▸ **EXERCISE PROMPT**: From the entries below, output the line with "unfolding late_work_def using" and each following line up to and including the line with "by (intro sum.cong) (auto", exactly as written.

Start of ENTRIES SHOWN

lemma late_work_le_allreduce_fin:
  assumes "0 < S"
  shows "T + late_work (a2a_ready S) a2a_time T 0 N + late_work (chunk_rel S) (chunk_time S) T 0 (all_chunks S)
    \<le> max (allreduce_fin S) T"
proof -
  let ?P = "\<lambda>j. max (comm_free S j) T + late_work (a2a_ready S) a2a_time T j N
      + late_work (chunk_rel S) (chunk_time S) T (chunks_before S j) (all_chunks S) \<le> max (allreduce_fin S) T"
  have base: "?P N"
    using drain_late_work[OF chunk_time_nonneg[OF assms], of "a2a_fin S (N - 1)" T "chunk_rel S"]
      N_pos by (simp add: allreduce_fin_def comm_free_def chunks_before_def late_work_empty)
  have step: "?P j" if "0 \<le> j" "j < N" "?P (Suc j)" for j
  proof -
    have "max (comm_free S j) T + (if T \<le> a2a_ready S j then a2a_time j else 0)
        + late_work (chunk_rel S) (chunk_time S) T (chunks_before S j) (all_chunks S)
      \<le> max (a2a_fin S j) T + late_work (chunk_rel S) (chunk_time S) T (chunks_sent S j) (all_chunks S)"
      using fill_late_work[OF chunk_time_nonneg[OF assms] less_imp_le[OF a2a_time_pos]]
      unfolding a2a_fin_eq chunks_sent_eq gap_fill_def .
    moreover have "late_work (a2a_ready S) a2a_time T j N
        = (if T \<le> a2a_ready S j then a2a_time j else 0) + late_work (a2a_ready S) a2a_time T (Suc j) N"
      using that(2) by (rule late_work_Suc)
    ultimately show ?thesis
      using that(3) by (simp add: comm_free_def chunks_before_def)
  qed
  have "?P 0"
    using inc_induct[of 0 N ?P, OF le0 base step] .
  then show ?thesis
    by (simp add: comm_free_def chunks_before_def)
qed

lemma work_released_after_le_iter:
  assumes S: "0 < S" "0 < S'"
    and ready: "\<And>k. j \<le> k \<Longrightarrow> k < N \<Longrightarrow> T \<le> a2a_ready S' k"
    and released: "\<And>b. m div nchunks M S \<le> b \<Longrightarrow> b < L \<Longrightarrow> T \<le> allreduce_rel S' b"
    and last: "T \<le> comp_fin S' (N - 1)"
  shows "T + (\<Sum>k\<in>{j..<N}. a2a_time k) + (\<Sum>i\<in>{m..<all_chunks S}. chunk_time S i) \<le> iter S'"
proof -
  have "(\<Sum>k\<in>{j..<N}. a2a_time k) = late_work (a2a_ready S') a2a_time T j N"
    unfolding late_work_def using ready by (intro sum.cong) auto
  also have "\<dots> \<le> late_work (a2a_ready S') a2a_time T 0 N"
    unfolding late_work_def by (rule sum_mono2) (auto simp: less_imp_le[OF a2a_time_pos])
  finally have a2a: "(\<Sum>k\<in>{j..<N}. a2a_time k) \<le> late_work (a2a_ready S') a2a_time T 0 N" .
  let ?n = "nchunks M S" and ?n' = "nchunks M S'"
  have "(\<Sum>i\<in>{m..<all_chunks S}. chunk_time S i)
      = (\<Sum>i\<in>{m..<all_chunks S}. if m div ?n \<le> i div ?n then chunk_time S i else 0)"
    by (intro sum.cong) (auto simp: div_le_mono)
  also have "\<dots> \<le> (\<Sum>i<all_chunks S. if m div ?n \<le> i div ?n then chunk_time S i else 0)"
    by (rule sum_mono2) (auto simp: chunk_time_nonneg[OF S(1)])
  also have "\<dots> = (\<Sum>b<L. if m div ?n \<le> b then beta * M else 0)"
    by (rule sum_chunk_dur_blocks[OF M_pos S(1)])
  also have "\<dots> \<le> (\<Sum>b<L. if T \<le> allreduce_rel S' b then beta * M else 0)"
    using released beta_pos M_pos by (intro sum_mono) auto
  also have "\<dots> = (\<Sum>i<all_chunks S'. if T \<le> allreduce_rel S' (i div ?n') then chunk_time S' i else 0)"
    by (rule sum_chunk_dur_blocks[OF M_pos S(2), symmetric])
  also have "\<dots> = late_work (chunk_rel S') (chunk_time S') T 0 (all_chunks S')"
    unfolding late_work_def chunk_rel_def atLeast0LessThan ..
  finally have chunks: "(\<Sum>i\<in>{m..<all_chunks S}. chunk_time S i)
      \<le> late_work (chunk_rel S') (chunk_time S') T 0 (all_chunks S')" .
  have "max (allreduce_fin S') T \<le> iter S'"
    using last by (simp add: iter_time_eq)
  then show ?thesis
    using late_work_le_allreduce_fin[OF S(2), of T] a2a chunks by linarith
qed

lemma restart_at_chunk_le:
  assumes S: "0 < S" "0 < S'" and m: "m < all_chunks S"
    and before_ready: "\<And>k. j \<le> k \<Longrightarrow> k < N \<Longrightarrow> chunk_rel S m \<le> a2a_ready S' k + real N * beta * S"
  shows "chunk_rel S m + (\<Sum>k\<in>{j..<N}. a2a_time k) + (\<Sum>i\<in>{m..<all_chunks S}. chunk_time S i)
    \<le> iter S' + real N * beta * S"
proof -
  have b: "m div nchunks M S < L" using chunk_block_lt[OF m] .
  have rel: "chunk_rel S m \<le> allreduce_rel S' (m div nchunks M S) + real N * beta * S"
    unfolding chunk_rel_def using allreduce_rel_shift[OF S(1) b] .
  have "chunk_rel S m - real N * beta * S + (\<Sum>k\<in>{j..<N}. a2a_time k)
      + (\<Sum>i\<in>{m..<all_chunks S}. chunk_time S i) \<le> iter S'"
  proof (rule work_released_after_le_iter[OF S])
    show "chunk_rel S m - real N * beta * S \<le> a2a_ready S' k" if "j \<le> k" "k < N" for k
      using before_ready[OF that] by simp
    show "chunk_rel S m - real N * beta * S \<le> allreduce_rel S' b'"
      if "m div nchunks M S \<le> b'" "b' < L" for b'
      using rel allreduce_rel_mono[OF that(1), of S'] by linarith
    show "chunk_rel S m - real N * beta * S \<le> comp_fin S' (N - 1)"
      using rel allreduce_rel_le_last[OF b, of S'] by linarith
  qed
  then show ?thesis by linarith
qed

lemma restart_at_ready_le:
  assumes S: "0 < S" "0 < S'" and j: "j < N"
    and idle: "all_chunks S \<le> m \<or> \<not> chunk_avail S j m \<or> a2a_ready S j \<le> chunk_rel S m"
  shows "a2a_ready S j + (\<Sum>k\<in>{j..<N}. a2a_time k) + (\<Sum>i\<in>{m..<all_chunks S}. chunk_time S i)
    \<le> iter S' + real N * beta * S"
proof -
  have ready: "a2a_ready S j \<le> a2a_ready S' j + real N * beta * S"
    using a2a_ready_shift[OF S(1) j] .
  have "a2a_ready S j - real N * beta * S + (\<Sum>k\<in>{j..<N}. a2a_time k)
      + (\<Sum>i\<in>{m..<all_chunks S}. chunk_time S i) \<le> iter S'"
  proof (rule work_released_after_le_iter[OF S])
    show "a2a_ready S j - real N * beta * S \<le> a2a_ready S' k" if "j \<le> k" "k < N" for k
      using ready a2a_ready_mono[OF that(1), of S'] by linarith
    show "a2a_ready S j - real N * beta * S \<le> allreduce_rel S' b"
      if b: "m div nchunks M S \<le> b" "b < L" for b
    proof -
      have "m div nchunks M S < L" using b by linarith
      then have "m < all_chunks S"
        using div_less_iff_less_mult[OF nchunks_pos[OF M_pos S(1)]] by (simp add: mult.commute)
      with idle consider "\<not> chunk_avail S j m" | "a2a_ready S j \<le> chunk_rel S m" by linarith
      then show ?thesis
      proof cases
        case 1
        have "2 * R * (m div nchunks M S + 1) - 1 \<le> 2 * R * (b + 1) - 1"
          using b(1) by (intro diff_le_mono mult_le_mono2) simp
        with 1 have "j \<le> 2 * R * (b + 1) - 1"
          unfolding chunk_avail_def by linarith
        then have "a2a_ready S' j \<le> allreduce_rel S' b"
          unfolding allreduce_rel_def by (rule a2a_ready_le_comp_fin)
        with ready show ?thesis by linarith
      next
        case 2
        then show ?thesis
          using allreduce_rel_shift[OF S(1), of "m div nchunks M S" S'] b
            allreduce_rel_mono[OF b(1), of S'] unfolding chunk_rel_def by linarith
      qed
    qed
    show "a2a_ready S j - real N * beta * S \<le> comp_fin S' (N - 1)"
      using ready a2a_ready_le_comp_fin[of j "N - 1" S'] j by linarith
  qed
  then show ?thesis by linarith
qed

End of ENTRIES SHOWN

▸ **OUTPUT OF THE TASK**:
    unfolding late_work_def using ready by (intro sum.cong) auto
  also have "\<dots> \<le> late_work (a2a_ready S') a2a_time T 0 N"
    unfolding late_work_def by (rule sum_mono2) (auto simp: less_imp_le[OF a2a_time_pos])
  finally have a2a: "(\<Sum>k\<in>{j..<N}. a2a_time k) \<le> late_work (a2a_ready S') a2a_time T 0 N" .
  let ?n = "nchunks M S" and ?n' = "nchunks M S'"
  have "(\<Sum>i\<in>{m..<all_chunks S}. chunk_time S i)
      = (\<Sum>i\<in>{m..<all_chunks S}. if m div ?n \<le> i div ?n then chunk_time S i else 0)"
    by (intro sum.cong) (auto simp: div_le_mono)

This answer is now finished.